> [WORK INSTRUCTION]:
As soon as the line containing "((1/s) *\<^sub>R x - z) = x" appears, copy it and every following line word for word until the records end.

> [DATA EXCERPTS]:
lemma dominated_extension_bound:
  assumes G: "dominated_linear_graph G"
    and lower: "\<And>y v. (y, v) \<in> G \<Longrightarrow> v - norm (y - z) \<le> c"
    and upper: "\<And>x u. (x, u) \<in> G \<Longrightarrow> c \<le> norm (x + z) - u"
    and xu: "(x, u) \<in> G"
  shows "u + t * c \<le> norm (x + t *\<^sub>R z)"
proof (cases t "0::real" rule: linorder_cases)
  case less
  define s where "s = - t"
  have s: "s > 0" using less by (simp add: s_def)
  have "(1/s) * u - norm ((1/s) *\<^sub>R x - z) \<le> c"
    using lower[OF dominated_linear_graphD(3)[OF G xu]] .
  hence "s * ((1/s) * u - norm ((1/s) *\<^sub>R x - z)) \<le> s * c"
    using s by (simp add: mult_left_mono)
  moreover have "s * norm ((1/s) *\<^sub>R x - z) = norm (s *\<^sub>R ((1/s) *\<^sub>R x - z))"
    using s by simp
  moreover have "s *\<^sub>R ((1/s) *\<^sub>R x - z) = x + t *\<^sub>R z"
    using s by (simp add: s_def scaleR_diff_right)
  ultimately have "u - norm (x + t *\<^sub>R z) \<le> s * c"
    using s by (simp add: right_diff_distrib)
  then show ?thesis by (simp add: s_def)
next
  case equal
  then show ?thesis using dominated_linear_graphD(4)[OF G xu] by simp
next
  case greater
  have "c \<le> norm ((1/t) *\<^sub>R x + z) - (1/t) * u"
    using upper[OF dominated_linear_graphD(3)[OF G xu]] .
  hence "t * c \<le> t * (norm ((1/t) *\<^sub>R x + z) - (1/t) * u)"
    using greater by (simp add: mult_left_mono)
  moreover have "t * norm ((1/t) *\<^sub>R x + z) = norm (t *\<^sub>R ((1/t) *\<^sub>R x + z))"
    using greater by simp
  moreover have "t *\<^sub>R ((1/t) *\<^sub>R x + z) = x + t *\<^sub>R z"
    using greater by (simp add: scaleR_add_right)
  ultimately show ?thesis using greater by (simp add: right_diff_distrib)
qed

> [ANSWER BOX]:
  moreover have "s *\<^sub>R ((1/s) *\<^sub>R x - z) = x + t *\<^sub>R z"
    using s by (simp add: s_def scaleR_diff_right)
  ultimately have "u - norm (x + t *\<^sub>R z) \<le> s * c"
    using s by (simp add: right_diff_distrib)
  then show ?thesis by (simp add: s_def)
next
  case equal
  then show ?thesis using dominated_linear_graphD(4)[OF G xu] by simp
next
  case greater
  have "c \<le> norm ((1/t) *\<^sub>R x + z) - (1/t) * u"
    using upper[OF dominated_linear_graphD(3)[OF G xu]] .
  hence "t * c \<le> t * (norm ((1/t) *\<^sub>R x + z) - (1/t) * u)"
    using greater by (simp add: mult_left_mono)
  moreover have "t * norm ((1/t) *\<^sub>R x + z) = norm (t *\<^sub>R ((1/t) *\<^sub>R x + z))"
    using greater by simp
  moreover have "t *\<^sub>R ((1/t) *\<^sub>R x + z) = x + t *\<^sub>R z"
    using greater by (simp add: scaleR_add_right)
  ultimately show ?thesis using greater by (simp add: right_diff_distrib)
qed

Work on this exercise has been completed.